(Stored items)
%%
lemma ong_xi_scaled_dyadic_cases:
  fixes U :: "nat \<Rightarrow> (real^'d) \<times> real" and c \<alpha> p :: real
  assumes U: "\<And>i. i < n \<Longrightarrow> U i \<in> box 0 One \<times> {0..1}" and c: "0 < c" and "0 \<le> \<alpha>" "0 \<le> p"
  obtains "ong_xi \<alpha> (scale_marked c (U 0)) (scale_marked c ` U ` {..<n}) powr p \<le> 1"
  | k :: nat where "2 ^ k < c * CARD('d)"
      "ong_xi \<alpha> (scale_marked c (U 0)) (scale_marked c ` U ` {..<n}) powr p \<le> 2 powr (real (k + 1) * (\<alpha> * p))"
      "\<And>j. j \<in> {1..<n} \<Longrightarrow> U j \<notin> near_lower (2 ^ k / (c * CARD('d))) (U 0)"
proof -
  let ?x = "scale_marked c (U 0)" and ?X = "scale_marked c ` U ` {..<n}"
  have dist_scaled: "dist (fst ?x) (fst (scale_marked c (U j))) = c * dist (fst (U 0)) (fst (U j))" for j
    using c by (simp add: dist_fst_scale_marked)
  have "finite ?X"
    by simp
  show thesis
  proof (cases rule: ong_xi_powr_dyadic_cases[where x = ?x, OF \<open>finite ?X\<close> assms(3,4)])
    case (2 k y)
    then obtain j0 where j0: "j0 < n" "y = scale_marked c (U j0)"
      by auto
    have U0: "U 0 \<in> box 0 One \<times> {0..1}"
      using U j0 by simp
    have "2 ^ k < c * dist (fst (U 0)) (fst (U j0))"
      using 2(4)[OF 2(1,2)] j0 dist_scaled[of j0] by simp
    also have "\<dots> < c * (real CARD('d) * 1)"
      using c U0 U[OF \<open>j0 < n\<close>]
      by (intro mult_strict_left_mono dist_lt_of_mem_subcube) (auto simp: subcube_one mem_Times_iff)
    finally have "2 ^ k < c * CARD('d)"
      by simp
    moreover have "U j \<notin> near_lower (2 ^ k / (c * CARD('d))) (U 0)" if "j \<in> {1..<n}" for j
    proof
      assume near: "U j \<in> near_lower (2 ^ k / (c * CARD('d))) (U 0)"
      then have "snd (U j) < snd (U 0)"
        by (simp add: near_lower_def mem_Times_iff)
      then have "scale_marked c (U j) \<in> ?X - {?x}"
        using that by (auto dest: arg_cong[of _ _ snd])
      then have "2 ^ k < c * dist (fst (U 0)) (fst (U j))"
        using 2(4)[of "scale_marked c (U j)"] \<open>snd (U j) < snd (U 0)\<close> dist_scaled[of j] by simp
      also have "c * dist (fst (U 0)) (fst (U j)) < c * (CARD('d) * (2 ^ k / (c * CARD('d))))"
        using c near U0 by (intro mult_strict_left_mono dist_lt_of_mem_subcube) (auto simp: near_lower_def mem_Times_iff)
      also have "\<dots> = 2 ^ k"
        using c by simp
      finally show False
        by simp
    qed
    ultimately show thesis
      using that(2) 2 by blast
  qed (use that(1) in auto)
qed

lemma scaled_ong_xi_powr_le_dyadic_sum:
  fixes U :: "nat \<Rightarrow> (real^'d) \<times> real" and c \<alpha> p :: real
  assumes "U \<in> space (PiM {..<n} (\<lambda>_. marked_unif))" and U: "\<And>i. i < n \<Longrightarrow> U i \<in> box 0 One \<times> {0..1}"
    and "0 < c" "0 \<le> \<alpha>" "0 \<le> p"
  shows "ennreal (ong_xi \<alpha> (scale_marked c (U 0)) (scale_marked c ` U ` {..<n}) powr p)
    \<le> 1 + (\<Sum>k. ennreal (2 powr (real (k + 1) * (\<alpha> * p)))
                 * indicator {V \<in> no_near_lower n (2 ^ k / (c * CARD('d))). 2 ^ k < c * CARD('d)} U)"
    (is "_ \<le> 1 + (\<Sum>k. ?w k * indicator (?G k) U)")
proof (rule ong_xi_scaled_dyadic_cases[OF U assms(3-5)])
  assume "ong_xi \<alpha> (scale_marked c (U 0)) (scale_marked c ` U ` {..<n}) powr p \<le> 1"
  then show ?thesis
    by (simp add: ennreal_le_1 add_increasing2)
next
  fix k
  assume k: "2 ^ k < c * CARD('d)"
    "ong_xi \<alpha> (scale_marked c (U 0)) (scale_marked c ` U ` {..<n}) powr p \<le> 2 powr (real (k + 1) * (\<alpha> * p))"
    "\<And>j. j \<in> {1..<n} \<Longrightarrow> U j \<notin> near_lower (2 ^ k / (c * CARD('d))) (U 0)"
  then have "U \<in> ?G k"
    using assms(1) by (simp add: no_near_lower_def)
  then have "ennreal (ong_xi \<alpha> (scale_marked c (U 0)) (scale_marked c ` U ` {..<n}) powr p)
      \<le> ?w k * indicator (?G k) U"
    using k by (simp add: ennreal_leI)
  also have "\<dots> = (\<Sum>i\<in>{k}. ?w i * indicator (?G i) U)"
    by (subst sum.insert) simp_all
  also have "\<dots> \<le> (\<Sum>i. ?w i * indicator (?G i) U)"
    by (intro sum_le_suminf summableI) simp_all
  finally show ?thesis
    by (simp add: add_increasing)
qed
(* Let $(\theta^k)_k$ be a sequence of Borel probability measures on $\mathbb{R}_+$, absolutely continuous with respect to Lebesgue measure, with densities $f_{\theta^k}=\sum_{m=1}^\infty \xi^k_m \mathbf{1}_{[m-1,m)}$ where $\xi^k=(\xi^k_1,\xi^k_2,\dots)$ is a probability distribution on the positive integers. Then $(\theta^k)_k$ satisfies the long-term condition (LTC) if and only if $\sum_{m=1}^\infty|\xi^k_{m+1}-\xi^k_m|\to0$ as $k\to\infty$.
   Context: For a Borel probability measure $\theta$ on $\mathbb{R}_+$ and $s\geq0$, $TV_s(\theta)=\sup_{Q\in\mathcal{B}(\mathbb{R}_+)}|\theta(Q)-\theta(Q+s)|$. A sequence $(\theta^k)_{k\ge1}$ satisfies the LTC if for every $S>0$, $\sup_{0\leq s\leq S}TV_s(\theta^k)\to0$ as $k\to\infty$. *)

theory Defs
  imports "HOL-Probability.Probability"
begin

text \<open>TV_s(theta) = sup over Borel Q subset of R_+ of |theta(Q) - theta(Q+s)|.
  Measures on R_+ are represented as measures on the real line (Borel sets) supported on [0,oo).\<close>
definition TV :: "real measure \<Rightarrow> real \<Rightarrow> real" where
  "TV \<theta> s = (SUP Q \<in> {Q. Q \<in> sets borel \<and> Q \<subseteq> {0..}}.
       \<bar>measure \<theta> Q - measure \<theta> ((\<lambda>x. x + s) ` Q)\<bar>)"

definition LTC :: "(nat \<Rightarrow> real measure) \<Rightarrow> bool" where
  "LTC \<theta> \<longleftrightarrow> (\<forall>S>0. (\<lambda>k. SUP s \<in> {0..S}. TV (\<theta> k) s) \<longlonglongrightarrow> 0)"

end

theory Submission
  imports Defs
begin

text \<open>Write \<open>f\<close> for the density, equal to \<open>c m\<close> on \<open>[m, m + 1)\<close>, and
  \<open>V = \<Sum>m. \<bar>c (m + 1) - c m\<bar>\<close>. For \<open>Q \<subseteq> [0, \<infinity>)\<close> we have
  \<open>\<bar>\<theta> Q - \<theta> (Q + s)\<bar> \<le> \<integral>\<^sub>Q \<bar>f x - f (x + s)\<bar> dx\<close>, and \<open>\<bar>f x - f (x + s)\<bar>\<close> is at most the
  sum of the jumps of \<open>f\<close> at the integers in \<open>(x, x + s]\<close>. Each jump is therefore counted on a
  set of length \<open>s\<close>, so \<open>TV\<^sub>s(\<theta>) \<le> s V\<close>. Conversely, if \<open>Q\<close> is the union of the intervals
  \<open>[m, m + 1)\<close> with \<open>c (m + 1) < c m\<close>, then \<open>\<theta> Q - \<theta> (Q + 1)\<close> is the total decrease
  \<open>\<Sum>m. max 0 (c m - c (m + 1)) = (V + c 0) / 2\<close>, so \<open>V / 2 \<le> TV\<^sub>1(\<theta>)\<close>.\<close>

lemma sets_borel_translation:
  assumes "Q \<in> sets borel"
  shows "(\<lambda>x::real. x + s) ` Q \<in> sets borel"
proof -
  have "(\<lambda>x. x + s) ` Q = (\<lambda>x. x - s) -` Q \<inter> space borel"
    by (auto simp: image_iff) (metis diff_add_cancel)
  also have "\<dots> \<in> sets borel"
    using assms by measurable
  finally show ?thesis .
qed

lemma emeasure_density_translation:
  fixes f :: "real \<Rightarrow> ennreal"
  assumes [measurable]: "f \<in> borel_measurable borel" "Q \<in> sets borel"
  shows "emeasure (density lborel f) ((\<lambda>x. x + s) ` Q) = (\<integral>\<^sup>+x\<in>Q. f (x + s) \<partial>lborel)"
proof -
  have [measurable]: "(\<lambda>x. x + s) ` Q \<in> sets borel"
    by (rule sets_borel_translation) simp
  have "emeasure (density lborel f) ((\<lambda>x. x + s) ` Q) = (\<integral>\<^sup>+x\<in>(\<lambda>x. x + s) ` Q. f x \<partial>lborel)"
    by (simp add: emeasure_density)
  also have "\<dots> = (\<integral>\<^sup>+x. f (s + x) * indicator ((\<lambda>x. x + s) ` Q) (s + x) \<partial>lborel)"
    using nn_integral_real_affine[of "\<lambda>x. f x * indicator ((\<lambda>x. x + s) ` Q) x" 1 s] by simp
  also have "\<dots> = (\<integral>\<^sup>+x\<in>Q. f (x + s) \<partial>lborel)"
    by (auto intro!: nn_integral_cong simp: indicator_def add.commute)
  finally show ?thesis .
qed

lemma set_nn_integral_le_add_abs_diff:
  fixes g h :: "'a \<Rightarrow> real"
  assumes [measurable]: "g \<in> borel_measurable M" "h \<in> borel_measurable M" "A \<in> sets M"
    and "\<And>x. 0 \<le> h x"
  shows "(\<integral>\<^sup>+x\<in>A. g x \<partial>M) \<le> (\<integral>\<^sup>+x\<in>A. h x \<partial>M) + (\<integral>\<^sup>+x\<in>A. \<bar>g x - h x\<bar> \<partial>M)"
proof -
  have "ennreal (g x) \<le> ennreal (h x) + ennreal \<bar>g x - h x\<bar>" for x
    using assms(4)[of x] by (simp add: ennreal_plus[symmetric] del: ennreal_plus)
  then have "(\<integral>\<^sup>+x\<in>A. g x \<partial>M) \<le>
             (\<integral>\<^sup>+x. ennreal (h x) * indicator A x + ennreal \<bar>g x - h x\<bar> * indicator A x \<partial>M)"
    by (intro nn_integral_mono) (auto simp: indicator_def)
  also have "\<dots> = (\<integral>\<^sup>+x\<in>A. h x \<partial>M) + (\<integral>\<^sup>+x\<in>A. \<bar>g x - h x\<bar> \<partial>M)"
    by (rule nn_integral_add) auto
  finally show ?thesis .
qed

lemma emeasure_density_translation_le:
  fixes f :: "real \<Rightarrow> real"
  assumes [measurable]: "f \<in> borel_measurable borel" "Q \<in> sets borel" and "\<And>x. 0 \<le> f x"
  shows "emeasure (density lborel (\<lambda>x. ennreal (f x))) Q \<le>
           emeasure (density lborel (\<lambda>x. ennreal (f x))) ((\<lambda>x. x + s) ` Q) + (\<integral>\<^sup>+x\<in>Q. \<bar>f x - f (x + s)\<bar> \<partial>lborel)"
    and "emeasure (density lborel (\<lambda>x. ennreal (f x))) ((\<lambda>x. x + s) ` Q) \<le>
           emeasure (density lborel (\<lambda>x. ennreal (f x))) Q + (\<integral>\<^sup>+x\<in>Q. \<bar>f x - f (x + s)\<bar> \<partial>lborel)"
  using set_nn_integral_le_add_abs_diff[of f lborel "\<lambda>x. f (x + s)" Q]
    set_nn_integral_le_add_abs_diff[of "\<lambda>x. f (x + s)" lborel f Q]
  by (simp_all add: assms emeasure_density emeasure_density_translation abs_minus_commute)

lemma (in prob_space) abs_prob_diff_le_1: "\<bar>prob A - prob B\<bar> \<le> 1"
  using prob_le_1[of A] prob_le_1[of B] measure_nonneg[of M A] measure_nonneg[of M B] by linarith
lemma eq_mvecI:
  assumes "\<And>S. S \<notin> blades \<Longrightarrow> x S = 0"
    and "x {} = c0" "x {1} = c1" "x {2} = c2" "x {3} = c3"
    and "x {1,2} = c12" "x {1,3} = c13" "x {2,3} = c23" "x {1,2,3} = c123"
  shows "x = mvec c0 c1 c2 c3 c12 c13 c23 c123"
proof
  fix S
  show "x S = mvec c0 c1 c2 c3 c12 c13 c23 c123 S"
  proof (cases "S \<in> blades")
    case True
    then show ?thesis
      by (cases rule: blade_cases) (simp_all only: assms mvec_apply)
  qed (simp add: assms mvec_outside_blades)
qed

lemma mvec_eq_iff:
  "mvec u0 u1 u2 u3 u4 u5 u6 u7 = mvec v0 v1 v2 v3 v4 v5 v6 v7 \<longleftrightarrow>
     u0 = v0 \<and> u1 = v1 \<and> u2 = v2 \<and> u3 = v3 \<and> u4 = v4 \<and> u5 = v5 \<and> u6 = v6 \<and> u7 = v7"
  by (metis mvec_apply)

lemma restrict_blades_eq_mvec:
  "restrict_blades x = mvec (x {}) (x {1}) (x {2}) (x {3}) (x {1,2}) (x {1,3}) (x {2,3}) (x {1,2,3})"
  by (rule eq_mvecI) (simp_all add: restrict_blades_def blades_def)

lemma cmul_mvec:
  "cmul (mvec u0 u1 u2 u3 u4 u5 u6 u7) (mvec v0 v1 v2 v3 v4 v5 v6 v7) = mvec
     (u0*v0 + u1*v1 + u2*v2 + u3*v3 - u4*v4 - u5*v5 - u6*v6 - u7*v7)
     (u0*v1 + u1*v0 - u2*v4 - u3*v5 + u4*v2 + u5*v3 - u6*v7 - u7*v6)
     (u0*v2 + u1*v4 + u2*v0 - u3*v6 - u4*v1 + u5*v7 + u6*v3 + u7*v5)
     (u0*v3 + u1*v5 + u2*v6 + u3*v0 - u4*v7 - u5*v1 - u6*v2 - u7*v4)
     (u0*v4 + u1*v2 - u2*v1 + u3*v7 + u4*v0 - u5*v6 + u6*v5 + u7*v3)
     (u0*v5 + u1*v3 - u2*v7 - u3*v1 + u4*v6 + u5*v0 - u6*v4 - u7*v2)
     (u0*v6 + u1*v7 + u2*v3 - u3*v2 - u4*v5 + u5*v4 + u6*v0 + u7*v1)
     (u0*v7 + u1*v6 - u2*v5 + u3*v4 + u4*v3 - u5*v2 + u6*v1 + u7*v0)"
  (is "?l = ?r")
proof
  fix S
  show "?l S = ?r S"
  proof (cases "S \<in> blades")
    case True
    then show ?thesis
      unfolding cmul_apply[OF True] sum_blades
      by (cases rule: blade_cases)
        (simp add: insert_Diff_if;
         simp add: mvec_def set_eq_subset del: subset_empty;
         simp add: bsign_prod algebra_simps)+
  qed (simp add: cmul_outside_blades mvec_outside_blades)
qed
%%
Please print, exactly and with nothing else, the lines from the first line of the entries through the line containing "by (simp add: near_lower_def".

lemma ong_xi_scaled_dyadic_cases:
  fixes U :: "nat \<Rightarrow> (real^'d) \<times> real" and c \<alpha> p :: real
  assumes U: "\<And>i. i < n \<Longrightarrow> U i \<in> box 0 One \<times> {0..1}" and c: "0 < c" and "0 \<le> \<alpha>" "0 \<le> p"
  obtains "ong_xi \<alpha> (scale_marked c (U 0)) (scale_marked c ` U ` {..<n}) powr p \<le> 1"
  | k :: nat where "2 ^ k < c * CARD('d)"
      "ong_xi \<alpha> (scale_marked c (U 0)) (scale_marked c ` U ` {..<n}) powr p \<le> 2 powr (real (k + 1) * (\<alpha> * p))"
      "\<And>j. j \<in> {1..<n} \<Longrightarrow> U j \<notin> near_lower (2 ^ k / (c * CARD('d))) (U 0)"
proof -
  let ?x = "scale_marked c (U 0)" and ?X = "scale_marked c ` U ` {..<n}"
  have dist_scaled: "dist (fst ?x) (fst (scale_marked c (U j))) = c * dist (fst (U 0)) (fst (U j))" for j
    using c by (simp add: dist_fst_scale_marked)
  have "finite ?X"
    by simp
  show thesis
  proof (cases rule: ong_xi_powr_dyadic_cases[where x = ?x, OF \<open>finite ?X\<close> assms(3,4)])
    case (2 k y)
    then obtain j0 where j0: "j0 < n" "y = scale_marked c (U j0)"
      by auto
    have U0: "U 0 \<in> box 0 One \<times> {0..1}"
      using U j0 by simp
    have "2 ^ k < c * dist (fst (U 0)) (fst (U j0))"
      using 2(4)[OF 2(1,2)] j0 dist_scaled[of j0] by simp
    also have "\<dots> < c * (real CARD('d) * 1)"
      using c U0 U[OF \<open>j0 < n\<close>]
      by (intro mult_strict_left_mono dist_lt_of_mem_subcube) (auto simp: subcube_one mem_Times_iff)
    finally have "2 ^ k < c * CARD('d)"
      by simp
    moreover have "U j \<notin> near_lower (2 ^ k / (c * CARD('d))) (U 0)" if "j \<in> {1..<n}" for j
    proof
      assume near: "U j \<in> near_lower (2 ^ k / (c * CARD('d))) (U 0)"
      then have "snd (U j) < snd (U 0)"
        by (simp add: near_lower_def mem_Times_iff)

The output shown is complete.